» **The task**
Restrict the output to the lines below starting at the one that contains "using assms B by" and ending at the one that contains "using P by (auto simp: borel_packings_def)", and restate them word for word, both ends included.

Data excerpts
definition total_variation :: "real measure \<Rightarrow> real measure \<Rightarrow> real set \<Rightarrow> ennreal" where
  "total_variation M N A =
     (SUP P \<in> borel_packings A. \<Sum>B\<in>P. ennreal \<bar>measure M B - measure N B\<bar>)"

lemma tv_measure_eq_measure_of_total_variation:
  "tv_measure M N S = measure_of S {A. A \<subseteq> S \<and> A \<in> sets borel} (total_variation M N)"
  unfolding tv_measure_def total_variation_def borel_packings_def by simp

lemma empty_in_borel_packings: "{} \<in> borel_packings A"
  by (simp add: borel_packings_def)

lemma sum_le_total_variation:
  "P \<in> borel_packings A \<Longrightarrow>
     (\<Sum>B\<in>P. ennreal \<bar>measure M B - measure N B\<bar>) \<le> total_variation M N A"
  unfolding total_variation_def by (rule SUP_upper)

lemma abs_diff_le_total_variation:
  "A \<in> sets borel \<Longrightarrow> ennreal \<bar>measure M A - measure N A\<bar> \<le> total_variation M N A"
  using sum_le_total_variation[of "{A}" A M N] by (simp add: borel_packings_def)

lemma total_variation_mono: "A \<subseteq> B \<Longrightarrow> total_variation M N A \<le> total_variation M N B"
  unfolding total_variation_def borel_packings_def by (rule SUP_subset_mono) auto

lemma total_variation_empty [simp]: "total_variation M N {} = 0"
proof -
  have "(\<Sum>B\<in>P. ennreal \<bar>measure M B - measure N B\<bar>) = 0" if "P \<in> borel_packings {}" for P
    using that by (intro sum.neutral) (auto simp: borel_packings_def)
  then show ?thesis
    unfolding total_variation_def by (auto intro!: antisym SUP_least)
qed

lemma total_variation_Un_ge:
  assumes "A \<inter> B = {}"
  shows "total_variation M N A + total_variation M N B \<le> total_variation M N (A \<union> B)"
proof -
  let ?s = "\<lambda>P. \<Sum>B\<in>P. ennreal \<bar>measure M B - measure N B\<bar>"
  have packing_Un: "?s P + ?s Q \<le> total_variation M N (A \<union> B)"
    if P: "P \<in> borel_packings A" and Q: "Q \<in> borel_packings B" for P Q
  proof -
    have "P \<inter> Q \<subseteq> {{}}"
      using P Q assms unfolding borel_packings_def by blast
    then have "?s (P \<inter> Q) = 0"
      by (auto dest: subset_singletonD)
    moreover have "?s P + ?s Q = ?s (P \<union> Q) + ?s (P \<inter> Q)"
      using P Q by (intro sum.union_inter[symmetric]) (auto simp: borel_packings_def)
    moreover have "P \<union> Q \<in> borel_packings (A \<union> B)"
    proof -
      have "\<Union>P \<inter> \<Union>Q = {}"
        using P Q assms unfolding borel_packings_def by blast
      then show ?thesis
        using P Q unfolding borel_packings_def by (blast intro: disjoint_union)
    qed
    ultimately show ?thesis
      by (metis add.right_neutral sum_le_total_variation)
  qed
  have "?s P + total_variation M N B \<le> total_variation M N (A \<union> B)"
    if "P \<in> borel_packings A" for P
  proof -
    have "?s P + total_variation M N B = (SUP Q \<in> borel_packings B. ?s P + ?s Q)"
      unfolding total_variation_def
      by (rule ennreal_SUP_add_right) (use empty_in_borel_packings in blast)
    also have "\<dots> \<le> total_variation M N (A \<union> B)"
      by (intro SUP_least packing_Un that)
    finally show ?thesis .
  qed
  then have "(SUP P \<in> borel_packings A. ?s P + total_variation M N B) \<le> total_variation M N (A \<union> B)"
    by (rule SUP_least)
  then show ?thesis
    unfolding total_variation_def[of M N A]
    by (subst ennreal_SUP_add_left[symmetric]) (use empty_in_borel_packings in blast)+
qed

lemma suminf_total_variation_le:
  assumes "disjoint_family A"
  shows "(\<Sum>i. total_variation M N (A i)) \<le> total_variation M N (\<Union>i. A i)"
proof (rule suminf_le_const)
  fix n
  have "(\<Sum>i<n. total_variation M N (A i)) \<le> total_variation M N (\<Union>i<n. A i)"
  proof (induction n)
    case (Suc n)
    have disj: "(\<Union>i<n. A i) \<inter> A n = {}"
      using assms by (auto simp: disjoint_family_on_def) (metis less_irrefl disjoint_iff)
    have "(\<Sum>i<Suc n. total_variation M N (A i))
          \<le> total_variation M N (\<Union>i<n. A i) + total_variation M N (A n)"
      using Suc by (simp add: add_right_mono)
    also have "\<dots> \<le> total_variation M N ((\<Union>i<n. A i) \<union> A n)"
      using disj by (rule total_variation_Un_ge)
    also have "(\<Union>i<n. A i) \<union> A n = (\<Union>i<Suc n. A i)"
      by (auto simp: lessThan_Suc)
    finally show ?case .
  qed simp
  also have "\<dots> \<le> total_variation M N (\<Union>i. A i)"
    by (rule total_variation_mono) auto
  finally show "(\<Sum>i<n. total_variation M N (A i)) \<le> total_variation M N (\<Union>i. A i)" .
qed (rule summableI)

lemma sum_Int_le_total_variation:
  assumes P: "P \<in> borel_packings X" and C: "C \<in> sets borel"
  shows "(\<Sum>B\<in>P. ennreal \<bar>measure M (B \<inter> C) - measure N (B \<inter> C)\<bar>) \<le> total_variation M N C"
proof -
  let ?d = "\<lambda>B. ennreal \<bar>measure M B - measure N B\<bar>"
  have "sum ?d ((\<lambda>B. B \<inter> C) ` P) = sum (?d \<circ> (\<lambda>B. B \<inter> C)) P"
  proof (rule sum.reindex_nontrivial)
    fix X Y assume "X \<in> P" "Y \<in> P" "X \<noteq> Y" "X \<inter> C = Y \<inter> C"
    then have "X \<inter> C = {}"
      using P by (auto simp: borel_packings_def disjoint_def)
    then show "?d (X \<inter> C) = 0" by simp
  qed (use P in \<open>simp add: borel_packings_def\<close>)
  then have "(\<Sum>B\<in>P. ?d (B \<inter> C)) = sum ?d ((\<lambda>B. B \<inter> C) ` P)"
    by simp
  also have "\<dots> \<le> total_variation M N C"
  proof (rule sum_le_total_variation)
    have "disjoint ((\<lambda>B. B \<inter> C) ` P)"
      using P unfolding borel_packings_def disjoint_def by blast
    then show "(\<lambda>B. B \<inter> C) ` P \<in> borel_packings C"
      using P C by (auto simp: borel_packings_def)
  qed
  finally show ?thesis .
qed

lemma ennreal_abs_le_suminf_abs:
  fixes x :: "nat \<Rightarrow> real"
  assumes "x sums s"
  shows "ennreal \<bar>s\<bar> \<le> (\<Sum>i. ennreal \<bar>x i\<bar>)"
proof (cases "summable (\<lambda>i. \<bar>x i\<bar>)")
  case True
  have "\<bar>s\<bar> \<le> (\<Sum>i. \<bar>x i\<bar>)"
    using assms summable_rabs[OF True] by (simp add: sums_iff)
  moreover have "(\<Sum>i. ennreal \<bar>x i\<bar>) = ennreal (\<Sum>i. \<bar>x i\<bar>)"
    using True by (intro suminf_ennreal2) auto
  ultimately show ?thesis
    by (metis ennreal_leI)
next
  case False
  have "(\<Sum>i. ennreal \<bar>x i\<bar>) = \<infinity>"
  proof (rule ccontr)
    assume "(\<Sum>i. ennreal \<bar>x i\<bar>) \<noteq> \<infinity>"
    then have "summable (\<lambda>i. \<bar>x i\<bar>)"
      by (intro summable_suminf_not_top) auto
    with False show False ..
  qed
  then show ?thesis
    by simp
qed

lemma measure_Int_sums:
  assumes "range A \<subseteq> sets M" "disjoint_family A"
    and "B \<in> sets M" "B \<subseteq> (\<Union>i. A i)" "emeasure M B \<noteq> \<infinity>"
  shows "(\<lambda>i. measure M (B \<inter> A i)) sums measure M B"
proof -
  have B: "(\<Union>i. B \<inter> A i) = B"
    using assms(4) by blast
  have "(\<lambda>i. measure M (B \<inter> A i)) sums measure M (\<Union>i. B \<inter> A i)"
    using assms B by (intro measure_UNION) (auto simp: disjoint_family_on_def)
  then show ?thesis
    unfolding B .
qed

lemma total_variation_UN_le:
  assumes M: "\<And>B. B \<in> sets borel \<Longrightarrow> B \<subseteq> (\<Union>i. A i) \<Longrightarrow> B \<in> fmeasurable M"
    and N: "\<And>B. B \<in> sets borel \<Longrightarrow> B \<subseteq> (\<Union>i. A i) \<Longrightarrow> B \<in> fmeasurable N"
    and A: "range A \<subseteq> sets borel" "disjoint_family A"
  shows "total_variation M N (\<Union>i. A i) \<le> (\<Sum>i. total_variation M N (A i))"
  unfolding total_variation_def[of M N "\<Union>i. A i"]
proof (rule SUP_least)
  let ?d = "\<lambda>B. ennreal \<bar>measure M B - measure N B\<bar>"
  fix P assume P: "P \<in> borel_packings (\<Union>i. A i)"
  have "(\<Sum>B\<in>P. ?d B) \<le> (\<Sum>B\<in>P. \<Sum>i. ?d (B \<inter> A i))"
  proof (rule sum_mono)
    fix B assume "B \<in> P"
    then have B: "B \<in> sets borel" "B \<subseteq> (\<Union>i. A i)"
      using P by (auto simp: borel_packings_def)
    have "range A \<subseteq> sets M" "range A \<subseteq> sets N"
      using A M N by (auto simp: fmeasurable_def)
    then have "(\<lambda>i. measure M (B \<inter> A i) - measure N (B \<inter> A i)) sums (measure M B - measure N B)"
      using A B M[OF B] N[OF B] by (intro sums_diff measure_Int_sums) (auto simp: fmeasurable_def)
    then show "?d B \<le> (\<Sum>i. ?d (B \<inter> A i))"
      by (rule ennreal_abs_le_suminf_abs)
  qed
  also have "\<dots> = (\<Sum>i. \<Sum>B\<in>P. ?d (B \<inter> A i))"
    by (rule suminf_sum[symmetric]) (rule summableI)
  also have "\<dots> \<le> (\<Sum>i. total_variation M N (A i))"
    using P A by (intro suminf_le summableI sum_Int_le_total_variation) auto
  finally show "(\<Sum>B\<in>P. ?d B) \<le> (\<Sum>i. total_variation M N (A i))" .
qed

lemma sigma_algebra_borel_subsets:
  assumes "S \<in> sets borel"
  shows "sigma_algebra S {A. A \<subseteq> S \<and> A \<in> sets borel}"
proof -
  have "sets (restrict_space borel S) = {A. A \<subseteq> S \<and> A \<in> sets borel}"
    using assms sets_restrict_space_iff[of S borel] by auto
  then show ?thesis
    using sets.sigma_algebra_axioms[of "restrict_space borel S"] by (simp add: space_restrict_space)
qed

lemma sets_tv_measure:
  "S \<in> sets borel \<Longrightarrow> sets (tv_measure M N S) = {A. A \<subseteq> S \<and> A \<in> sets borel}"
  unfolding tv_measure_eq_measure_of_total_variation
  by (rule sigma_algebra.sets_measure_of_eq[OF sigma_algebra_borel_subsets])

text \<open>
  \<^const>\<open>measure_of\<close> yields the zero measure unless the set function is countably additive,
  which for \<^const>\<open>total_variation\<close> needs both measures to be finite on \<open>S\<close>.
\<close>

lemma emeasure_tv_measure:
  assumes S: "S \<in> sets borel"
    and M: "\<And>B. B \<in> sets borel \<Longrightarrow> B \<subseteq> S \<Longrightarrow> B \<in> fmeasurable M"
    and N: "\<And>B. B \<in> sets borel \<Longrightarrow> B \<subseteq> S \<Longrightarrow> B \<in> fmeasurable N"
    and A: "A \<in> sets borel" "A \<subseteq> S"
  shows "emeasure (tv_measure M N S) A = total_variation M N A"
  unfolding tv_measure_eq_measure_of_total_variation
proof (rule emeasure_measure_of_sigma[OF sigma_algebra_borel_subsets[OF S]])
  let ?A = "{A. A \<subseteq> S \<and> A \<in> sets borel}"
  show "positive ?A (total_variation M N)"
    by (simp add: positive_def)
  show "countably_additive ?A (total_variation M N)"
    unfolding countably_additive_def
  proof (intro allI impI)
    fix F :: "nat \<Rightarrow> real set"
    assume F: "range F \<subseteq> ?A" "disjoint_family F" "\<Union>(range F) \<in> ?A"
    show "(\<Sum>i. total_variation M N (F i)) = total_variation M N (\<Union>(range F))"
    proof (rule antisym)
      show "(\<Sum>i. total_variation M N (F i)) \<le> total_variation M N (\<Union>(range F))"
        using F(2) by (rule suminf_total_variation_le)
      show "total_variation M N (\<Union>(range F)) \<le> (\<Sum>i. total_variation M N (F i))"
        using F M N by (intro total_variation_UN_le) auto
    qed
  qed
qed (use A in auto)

» **Reply**
    using assms B by (intro measure_UNION) (auto simp: disjoint_family_on_def)
  then show ?thesis
    unfolding B .
qed

lemma total_variation_UN_le:
  assumes M: "\<And>B. B \<in> sets borel \<Longrightarrow> B \<subseteq> (\<Union>i. A i) \<Longrightarrow> B \<in> fmeasurable M"
    and N: "\<And>B. B \<in> sets borel \<Longrightarrow> B \<subseteq> (\<Union>i. A i) \<Longrightarrow> B \<in> fmeasurable N"
    and A: "range A \<subseteq> sets borel" "disjoint_family A"
  shows "total_variation M N (\<Union>i. A i) \<le> (\<Sum>i. total_variation M N (A i))"
  unfolding total_variation_def[of M N "\<Union>i. A i"]
proof (rule SUP_least)
  let ?d = "\<lambda>B. ennreal \<bar>measure M B - measure N B\<bar>"
  fix P assume P: "P \<in> borel_packings (\<Union>i. A i)"
  have "(\<Sum>B\<in>P. ?d B) \<le> (\<Sum>B\<in>P. \<Sum>i. ?d (B \<inter> A i))"
  proof (rule sum_mono)
    fix B assume "B \<in> P"
    then have B: "B \<in> sets borel" "B \<subseteq> (\<Union>i. A i)"
      using P by (auto simp: borel_packings_def)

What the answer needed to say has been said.